* [How to complete this task]:
Here is a block of records. Copy every one of them exactly.

╭─ Input records

lemma uniform_bound:
  "\<exists>K. \<forall>\<sigma>\<in>\<Omega>. \<forall>t\<ge>0.
     (\<Sum>i\<in>I. \<Sum>j\<in>J. \<bar>Jint (\<psi> \<sigma> i j) t\<bar>) + (\<Sum>i\<in>I. \<bar>x \<sigma> i t\<bar>) \<le> K * data_norm \<sigma> t"
proof -
  have "dominated \<Omega> data_norm
      (\<lambda>\<sigma> t. (\<Sum>i\<in>I. \<Sum>j\<in>J. \<bar>Jint (\<psi> \<sigma> i j) t\<bar>) + (\<Sum>i\<in>I. \<bar>x \<sigma> i t\<bar>))"
    using finite_I finite_J
    by (intro dominated_add dominated_sum dominated_abs dominated_Jint_psi dominated_x) auto
  then show ?thesis
    unfolding dominated_def by (meson abs_ge_self atLeastAtMost_iff order_refl order_trans)
qed

end

theorem proposition1:
  fixes nI nJ :: nat and E :: "(nat \<times> nat) set"
    and \<mu> :: "nat \<Rightarrow> nat \<Rightarrow> real" and \<theta> :: "nat \<Rightarrow> real"
  defines "Iset \<equiv> {1..nI}" and "Jset \<equiv> {nI+1..nI+nJ}"
  assumes E_sub: "E \<subseteq> Iset \<times> Jset"
    and tree: "ug_tree (Iset \<union> Jset) (bip_adj E)"
    and mu_pos: "\<And>i j. (i, j) \<in> E \<Longrightarrow> \<mu> i j > 0"
    and mu_zero: "\<And>i j. (i, j) \<notin> E \<Longrightarrow> \<mu> i j = 0"
    and theta_nn: "\<And>i. i \<in> Iset \<Longrightarrow> \<theta> i \<ge> 0"
  shows "\<exists>m1::real. \<forall>(w::nat \<Rightarrow> real \<Rightarrow> real) (x::nat \<Rightarrow> real \<Rightarrow> real)
            (y::nat \<Rightarrow> real \<Rightarrow> real) (z::nat \<Rightarrow> real \<Rightarrow> real)
            (\<psi>::nat \<Rightarrow> nat \<Rightarrow> real \<Rightarrow> real).
     ((\<forall>i\<in>Iset. meas_locbdd (w i) \<and> meas_locbdd (x i) \<and> meas_locbdd (y i)) \<and>
      (\<forall>j\<in>Jset. meas_locbdd (z j)) \<and>
      (\<forall>i\<in>Iset. \<forall>j\<in>Jset. meas_locbdd (\<psi> i j)) \<and>
      (\<forall>i\<in>Iset. \<forall>j\<in>Jset. (i, j) \<notin> E \<longrightarrow> (\<forall>s\<ge>0. \<psi> i j s = 0)) \<and>
      (\<forall>i\<in>Iset. \<forall>t\<ge>0. x i t = w i t - (\<Sum>j\<in>Jset. \<mu> i j * Jint (\<psi> i j) t)
                                  - \<theta> i * Jint (y i) t) \<and>
      (\<forall>i\<in>Iset. \<forall>t\<ge>0. (\<Sum>j\<in>Jset. \<psi> i j t) = x i t - y i t) \<and>
      (\<forall>j\<in>Jset. \<forall>t\<ge>0. (\<Sum>i\<in>Iset. \<psi> i j t) = - z j t))
     \<longrightarrow> (\<forall>t\<ge>0.
           (\<Sum>i\<in>Iset. \<Sum>j\<in>Jset. \<bar>Jint (\<psi> i j) t\<bar>) + (\<Sum>i\<in>Iset. \<bar>x i t\<bar>)
           \<le> m1 * ((SUP s\<in>{0..t}. \<Sum>i\<in>Iset. \<bar>w i s\<bar>)
                   + (SUP s\<in>{0..t}. \<Sum>i\<in>Iset. \<bar>Jint (y i) s\<bar>)
                   + (SUP s\<in>{0..t}. \<Sum>j\<in>Jset. \<bar>Jint (z j) s\<bar>)))"
    (is "\<exists>m1. \<forall>w x y z \<psi>. ?solution w x y z \<psi> \<longrightarrow> _")
proof -
  define \<Omega> where "\<Omega> = {(w, x, y, z, \<psi>). ?solution w x y z \<psi>}"
  interpret network_solutions Iset Jset E \<mu> \<theta> \<Omega>
      "\<lambda>(w, x, y, z, \<psi>). w" "\<lambda>(w, x, y, z, \<psi>). x" "\<lambda>(w, x, y, z, \<psi>). y"
      "\<lambda>(w, x, y, z, \<psi>). z" "\<lambda>(w, x, y, z, \<psi>). \<psi>"
    using E_sub mu_pos tree by unfold_locales (auto simp: \<Omega>_def Iset_def Jset_def ug_tree_def)
  show ?thesis
    using uniform_bound by (auto simp: \<Omega>_def data_norm_def sup_norm_def)
qed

╰─

* [Solution]:
lemma uniform_bound:
  "\<exists>K. \<forall>\<sigma>\<in>\<Omega>. \<forall>t\<ge>0.
     (\<Sum>i\<in>I. \<Sum>j\<in>J. \<bar>Jint (\<psi> \<sigma> i j) t\<bar>) + (\<Sum>i\<in>I. \<bar>x \<sigma> i t\<bar>) \<le> K * data_norm \<sigma> t"
proof -
  have "dominated \<Omega> data_norm
      (\<lambda>\<sigma> t. (\<Sum>i\<in>I. \<Sum>j\<in>J. \<bar>Jint (\<psi> \<sigma> i j) t\<bar>) + (\<Sum>i\<in>I. \<bar>x \<sigma> i t\<bar>))"
    using finite_I finite_J
    by (intro dominated_add dominated_sum dominated_abs dominated_Jint_psi dominated_x) auto
  then show ?thesis
    unfolding dominated_def by (meson abs_ge_self atLeastAtMost_iff order_refl order_trans)
qed

end

theorem proposition1:
  fixes nI nJ :: nat and E :: "(nat \<times> nat) set"
    and \<mu> :: "nat \<Rightarrow> nat \<Rightarrow> real" and \<theta> :: "nat \<Rightarrow> real"
  defines "Iset \<equiv> {1..nI}" and "Jset \<equiv> {nI+1..nI+nJ}"
  assumes E_sub: "E \<subseteq> Iset \<times> Jset"
    and tree: "ug_tree (Iset \<union> Jset) (bip_adj E)"
    and mu_pos: "\<And>i j. (i, j) \<in> E \<Longrightarrow> \<mu> i j > 0"
    and mu_zero: "\<And>i j. (i, j) \<notin> E \<Longrightarrow> \<mu> i j = 0"
    and theta_nn: "\<And>i. i \<in> Iset \<Longrightarrow> \<theta> i \<ge> 0"
  shows "\<exists>m1::real. \<forall>(w::nat \<Rightarrow> real \<Rightarrow> real) (x::nat \<Rightarrow> real \<Rightarrow> real)
            (y::nat \<Rightarrow> real \<Rightarrow> real) (z::nat \<Rightarrow> real \<Rightarrow> real)
            (\<psi>::nat \<Rightarrow> nat \<Rightarrow> real \<Rightarrow> real).
     ((\<forall>i\<in>Iset. meas_locbdd (w i) \<and> meas_locbdd (x i) \<and> meas_locbdd (y i)) \<and>
      (\<forall>j\<in>Jset. meas_locbdd (z j)) \<and>
      (\<forall>i\<in>Iset. \<forall>j\<in>Jset. meas_locbdd (\<psi> i j)) \<and>
      (\<forall>i\<in>Iset. \<forall>j\<in>Jset. (i, j) \<notin> E \<longrightarrow> (\<forall>s\<ge>0. \<psi> i j s = 0)) \<and>
      (\<forall>i\<in>Iset. \<forall>t\<ge>0. x i t = w i t - (\<Sum>j\<in>Jset. \<mu> i j * Jint (\<psi> i j) t)
                                  - \<theta> i * Jint (y i) t) \<and>
      (\<forall>i\<in>Iset. \<forall>t\<ge>0. (\<Sum>j\<in>Jset. \<psi> i j t) = x i t - y i t) \<and>
      (\<forall>j\<in>Jset. \<forall>t\<ge>0. (\<Sum>i\<in>Iset. \<psi> i j t) = - z j t))
     \<longrightarrow> (\<forall>t\<ge>0.
           (\<Sum>i\<in>Iset. \<Sum>j\<in>Jset. \<bar>Jint (\<psi> i j) t\<bar>) + (\<Sum>i\<in>Iset. \<bar>x i t\<bar>)
           \<le> m1 * ((SUP s\<in>{0..t}. \<Sum>i\<in>Iset. \<bar>w i s\<bar>)
                   + (SUP s\<in>{0..t}. \<Sum>i\<in>Iset. \<bar>Jint (y i) s\<bar>)
                   + (SUP s\<in>{0..t}. \<Sum>j\<in>Jset. \<bar>Jint (z j) s\<bar>)))"
    (is "\<exists>m1. \<forall>w x y z \<psi>. ?solution w x y z \<psi> \<longrightarrow> _")
proof -
  define \<Omega> where "\<Omega> = {(w, x, y, z, \<psi>). ?solution w x y z \<psi>}"
  interpret network_solutions Iset Jset E \<mu> \<theta> \<Omega>
      "\<lambda>(w, x, y, z, \<psi>). w" "\<lambda>(w, x, y, z, \<psi>). x" "\<lambda>(w, x, y, z, \<psi>). y"
      "\<lambda>(w, x, y, z, \<psi>). z" "\<lambda>(w, x, y, z, \<psi>). \<psi>"
    using E_sub mu_pos tree by unfold_locales (auto simp: \<Omega>_def Iset_def Jset_def ug_tree_def)
  show ?thesis
    using uniform_bound by (auto simp: \<Omega>_def data_norm_def sup_norm_def)
qed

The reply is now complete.